- _What this task involves_
Pull every line holding the word "imports" out of the data and copy it.

- _Data extracts_
....

(* Let $G$ be a good finite group and let $N$ be a normal subgroup of $G$ with $N\cong\mathbb Z_2$. If $G/N$ possesses a complete mapping, then $G$ possesses a complete mapping.
   Context: A finite group is called good if its Sylow-2 subgroup is trivial or noncyclic (and bad if its Sylow-2 subgroup is nontrivial and cyclic). A complete mapping of a group $G$ is a bijection $\phi:G\to G$ such that $g\mapsto g\phi(g)$ is also a bijection of $G$; equivalently, there are an index set $I$ and bijections $a,b,c:I\to G$ with $a(i)b(i)=c(i)$ for all $i\in I$. *)

theory Defs
  imports "HOL-Algebra.Algebra"
begin

definition sylow2_subgroup :: "('a, 'b) monoid_scheme \<Rightarrow> 'a set \<Rightarrow> bool" where
  "sylow2_subgroup G P \<longleftrightarrow> subgroup P G \<and>
     (\<exists>a::nat. card P = 2 ^ a \<and> 2 ^ a dvd order G \<and> \<not> 2 ^ (Suc a) dvd order G)"

text \<open>Good: every Sylow 2-subgroup is trivial or noncyclic (all Sylow 2-subgroups are conjugate).\<close>
definition good_group :: "('a, 'b) monoid_scheme \<Rightarrow> bool" where
  "good_group G \<longleftrightarrow> (\<forall>P. sylow2_subgroup G P \<longrightarrow>
      P = {\<one>\<^bsub>G\<^esub>} \<or> \<not> cyclic_group (G\<lparr>carrier := P\<rparr>))"

definition complete_mapping :: "('a, 'b) monoid_scheme \<Rightarrow> ('a \<Rightarrow> 'a) \<Rightarrow> bool" where
  "complete_mapping G \<phi> \<longleftrightarrow> bij_betw \<phi> (carrier G) (carrier G) \<and>
     bij_betw (\<lambda>g. g \<otimes>\<^bsub>G\<^esub> \<phi> g) (carrier G) (carrier G)"

definition has_complete_mapping :: "('a, 'b) monoid_scheme \<Rightarrow> bool" where
  "has_complete_mapping G \<longleftrightarrow> (\<exists>\<phi>. complete_mapping G \<phi>)"

end

theory Submission
  imports Defs
begin

(*
  Write N = {1, z}; z is a central involution. As G is good, N is not a Sylow 2-subgroup, so
  G/N has even order and contains an involution, which lifts to some x \<notin> N with x^2 = z^\<epsilon>.
  Lift the complete mapping \<theta> of G/N to th with th a \<in> \<theta>(aN). Over a single coset no choice
  of lifts works (the products of {a, az} with {th a, th a z} take only two values), so cosets
  are paired up along x: for a transversal D of N invariant under tau a = a x z^(\<chi>(th a)),
  put phi d = Phi d on D and phi (tau(d) z) = x Phi(d) z^(\<chi>(th d) + \<epsilon>), where Phi a is a
  lift of th a. Then a phi(a) runs through the elements d Phi(d) and d Phi(d) z, i.e. through G,
  and phi is injective once the lifts Phi are chosen coherently along x, again by means of an
  invariant transversal. The colouring \<chi> of G/N, needed to make tau an involution when
  x^2 = z, and the invariant transversals all come from one fact: two fixed-point-free
  involutions of a finite set have a common proper 2-colouring, as their orbits form even cycles.
*)

definition free_involution_on :: "'a set \<Rightarrow> ('a \<Rightarrow> 'a) \<Rightarrow> bool" where
  "free_involution_on A f \<longleftrightarrow> (\<forall>p\<in>A. f p \<in> A \<and> f p \<noteq> p \<and> f (f p) = p)"

lemma free_involution_onD:
  "free_involution_on A f \<Longrightarrow> p \<in> A \<Longrightarrow> f p \<in> A \<and> f p \<noteq> p \<and> f (f p) = p"
  unfolding free_involution_on_def by blast

lemma free_involution_on_Diff_orbit:
  assumes "free_involution_on A f" and "p \<in> A"
  shows "free_involution_on (A - {p, f p}) f"
  using assms unfolding free_involution_on_def by auto metis

lemma free_involution_on_contract:
  assumes f: "free_involution_on A f" and g: "free_involution_on A g" and p: "p \<in> A"
  shows "free_involution_on (A - {p, f p}) (\<lambda>y. if g y \<in> {p, f p} then g (f (g y)) else g y)"
    (is "free_involution_on _ ?g'")
  unfolding free_involution_on_def
proof
  fix y assume y: "y \<in> A - {p, f p}"
  have f': "f p \<in> A" "f (f p) = p" "f p \<noteq> p" using free_involution_onD[OF f p] by auto
  have g': "\<And>a. a \<in> A \<Longrightarrow> g a \<in> A \<and> g a \<noteq> a \<and> g (g a) = a"
    using free_involution_onD[OF g] by blast
  show "?g' y \<in> A - {p, f p} \<and> ?g' y \<noteq> y \<and> ?g' (?g' y) = y"
  proof (cases "g y \<in> {p, f p}")
    case False
    then show ?thesis using y g' by auto
  next
    case True
    define w where "w = g y"
    have w: "{p, f p} = {w, f w}" "f w \<in> {p, f p}" "f w \<noteq> w" "f (f w) = w"
      using True f' unfolding w_def by auto
    have gy: "g (g y) = y" using y g' by auto
    have fwA: "f w \<in> A" using w(2) f' p by auto
    have in_A: "g (f w) \<in> A" and gfw: "g (g (f w)) = f w" and not_fw: "g (f w) \<noteq> f w"
      using g'[OF fwA] by auto
    have not_w: "g (f w) \<noteq> w" using gfw gy y w(2) unfolding w_def by auto
    have g'y: "?g' y = g (f w)" using True unfolding w_def by simp
    have "g (f w) \<in> A - {p, f p}" using in_A not_w not_fw w(1) by simp
    moreover have "g (f w) \<noteq> y" using gfw w(3) unfolding w_def by auto
    moreover have "?g' (g (f w)) = y" using gfw w(2,4) gy unfolding w_def by simp
    ultimately show ?thesis unfolding g'y by blast
  qed
qed

text \<open>The contracted involution joins \<open>g p\<close> and \<open>g (f p)\<close>, so \<open>\<sigma>\<close> already separates them
  and leaves room for \<open>p\<close> and \<open>f p\<close>.\<close>

lemma two_free_involutions_coloring_extend:
  assumes f: "free_involution_on A f" and g: "free_involution_on A g" and p: "p \<in> A" and y: "y \<in> A"
    and \<sigma>: "\<And>y. y \<in> A - {p, f p} \<Longrightarrow>
      \<sigma> (f y) \<noteq> \<sigma> y \<and> \<sigma> (if g y \<in> {p, f p} then g (f (g y)) else g y) \<noteq> \<sigma> y"
  defines "\<tau> \<equiv> \<sigma>(f p := \<sigma> (g p), p := \<not> \<sigma> (g p))"
  shows "\<tau> (f y) \<noteq> \<tau> y \<and> \<tau> (g y) \<noteq> \<tau> y"
proof -
  have fp: "f p \<in> A" "f p \<noteq> p" "f (f p) = p" using free_involution_onD[OF f p] by auto
  have gA: "\<And>a. a \<in> A \<Longrightarrow> g a \<in> A \<and> g a \<noteq> a \<and> g (g a) = a"
    using free_involution_onD[OF g] by blast
  have \<tau>_p: "\<tau> p = (\<not> \<sigma> (g p))" and \<tau>_fp: "\<tau> (f p) = \<sigma> (g p)"
    and \<tau>_A': "\<And>y. y \<in> A - {p, f p} \<Longrightarrow> \<tau> y = \<sigma> y"
    using fp unfolding \<tau>_def by auto
  have orbit: "\<tau> (f y) \<noteq> \<tau> y \<and> \<tau> (g y) \<noteq> \<tau> y" if "y \<in> {p, f p}" for y
  proof (cases "g p = f p")
    case True
    then show ?thesis using that fp gA[OF p] \<tau>_p \<tau>_fp by auto
  next
    case False
    have gp: "g p \<in> A - {p, f p}" using False gA[OF p] by auto
    have "g (f p) \<noteq> p" using False gA[OF fp(1)] by auto
    then have gfp: "g (f p) \<in> A - {p, f p}" using gA[OF fp(1)] by auto
    have "\<sigma> (g (f p)) \<noteq> \<sigma> (g p)" using \<sigma>[OF gp] gA[OF p] fp by simp
    then show ?thesis using that fp \<tau>_p \<tau>_fp \<tau>_A'[OF gp] \<tau>_A'[OF gfp] by auto
  qed
  show ?thesis
  proof (cases "y \<in> {p, f p}")
    case False
    then have y': "y \<in> A - {p, f p}" using y by blast
    have "f y \<in> A - {p, f p}"
      using free_involution_onD[OF free_involution_on_Diff_orbit[OF f p] y'] ..
    then have "\<tau> (f y) \<noteq> \<tau> y" using \<sigma>[OF y'] \<tau>_A' y' by simp
    moreover have "\<tau> (g y) \<noteq> \<tau> y"
    proof (cases "g y \<in> {p, f p}")
      case True
      then show ?thesis using orbit[of "g y"] gA[OF y] by auto
    next
      case False
      then show ?thesis using \<sigma>[OF y'] \<tau>_A' y' gA[OF y] by simp
    qed
    ultimately show ?thesis ..
  qed (rule orbit)
qed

....

- _Output for this task_
  imports "HOL-Algebra.Algebra"
  imports Defs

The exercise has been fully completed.